Customization Guide

This guide covers the real extension points for UrsaMU — the patterns you
actually use to add commands, store per-object data, build plugins, and connect
to outside services.

Text Formatting

UrsaMU uses MUSH-style substitution codes for in-game text.
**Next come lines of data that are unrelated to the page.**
text \<open>Kakutani partition at time n driven by the sequence u (u (Suc n) = U_{n+1}).\<close>
fun kakutani_part :: "(nat \<Rightarrow> real) \<Rightarrow> nat \<Rightarrow> (real \<times> real) list" where
  "kakutani_part u 0 = [(0, 1)]"
| "kakutani_part u (Suc n) =
     split_first (max_len (kakutani_part u n)) (u (Suc n)) (kakutani_part u n)"

definition kakutani_max :: "(nat \<Rightarrow> real) \<Rightarrow> nat \<Rightarrow> real" where
  "kakutani_max u n = max_len (kakutani_part u n)"

end

theory Submission
  imports Defs
begin

text \<open>Let \<open>\<Phi>\<^sub>n\<close> be the sum of the square roots of the interval lengths at time \<open>n\<close>.
  Splitting the longest interval (of length \<open>M\<^sub>n\<close>) at relative position \<open>U\<close> raises \<open>\<Phi>\<close> by
  \<open>sqrt M\<^sub>n \<cdot> D(U)\<close> with \<open>D(v) = sqrt v + sqrt (1 - v) - 1 \<ge> 0\<close>, while Cauchy--Schwarz gives
  \<open>\<Phi>\<^sub>n \<le> sqrt (n + 1)\<close>. As long as all maxima stay above \<open>\<tau>\<close> and \<open>\<lambda> sqrt \<tau> \<ge> 6\<close>, each step
  multiplies \<open>exp (-\<lambda> \<Phi>)\<close> by at most \<open>exp (-6 D(U))\<close>, whose expectation is at most \<open>2/3\<close> for
  uniform \<open>U\<close>; by independence, \<open>E [exp (-\<lambda> \<Phi>\<^sub>N); M\<^sub>m > \<tau> for m < N] \<le> (2/3)\<^sup>N\<close>. With
  \<open>\<tau> = 3600/(n + 2)\<close> and \<open>\<lambda> = sqrt (n + 2) / 10\<close> this yields \<open>P(M\<^sub>n > \<tau>) \<le> exp (-n/5)\<close>, hence
  \<open>E M\<^sub>n\<^sup>k \<le> \<tau>\<^sup>k + exp (-n/5) = O(n\<^sup>-\<^sup>k)\<close>.\<close>

definition interval_len :: "real \<times> real \<Rightarrow> real" where
  "interval_len p = snd p - fst p"

lemma max_len_eq_Max: "max_len P = Max (interval_len ` set P)"
  unfolding max_len_def interval_len_def by (simp add: split_beta cong: image_cong)

lemma max_len_in: "P \<noteq> [] \<Longrightarrow> max_len P \<in> interval_len ` set P"
  unfolding max_len_eq_Max by (intro Max_in) auto

lemma interval_len_le_max_len: "p \<in> set P \<Longrightarrow> interval_len p \<le> max_len P"
  unfolding max_len_eq_Max by (intro Max_ge) auto

lemma length_split_first:
  "m \<in> interval_len ` set P \<Longrightarrow> length (split_first m x P) = Suc (length P)"
  by (induction m x P rule: split_first.induct) (auto simp: interval_len_def)

lemma sum_list_split_first:
  fixes h :: "real \<Rightarrow> real"
  assumes "m \<in> interval_len ` set P"
  shows "(\<Sum>p\<leftarrow>split_first m x P. h (interval_len p))
           = (\<Sum>p\<leftarrow>P. h (interval_len p)) - h m + h (x * m) + h (m - x * m)"
  using assms
proof (induction m x P rule: split_first.induct)
  case (2 m x a b P)
  show ?case
  proof (cases "b - a = m")
    case True
    then have "interval_len (a, a + x * (b - a)) = x * m"
      and "interval_len (a + x * (b - a), b) = m - x * m"
      and "interval_len (a, b) = m"
      by (auto simp: interval_len_def algebra_simps)
    with True show ?thesis by simp
  next
    case False
    with "2" show ?thesis by (auto simp: interval_len_def)
  qed
qed simp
They work in any
string you pass to u.send(), u.broadcast(), or stored in a help file.

Color codes

Code Color / Effect
%cr Red
%cg Green
%cy Yellow
%cb Blue
%cm Magenta
%cw White
%ch Bold / bright
%cn Reset to normal

Example:

u.send("%ch%crERROR:%cn You can't do that.");
// → bold red "ERROR:" followed by normal text

Other substitutions

Code Expands to
%n Actor’s name
%r Newline
%t Tab
%b Space

Note: In the old Customization guide this was listed as %r = Red. That
was wrong — %r is a newline, not red. Red is %cr.


Custom Commands

Register new in-game commands with addCmd(). Call it at module level — it
runs once when your file is imported at server startup.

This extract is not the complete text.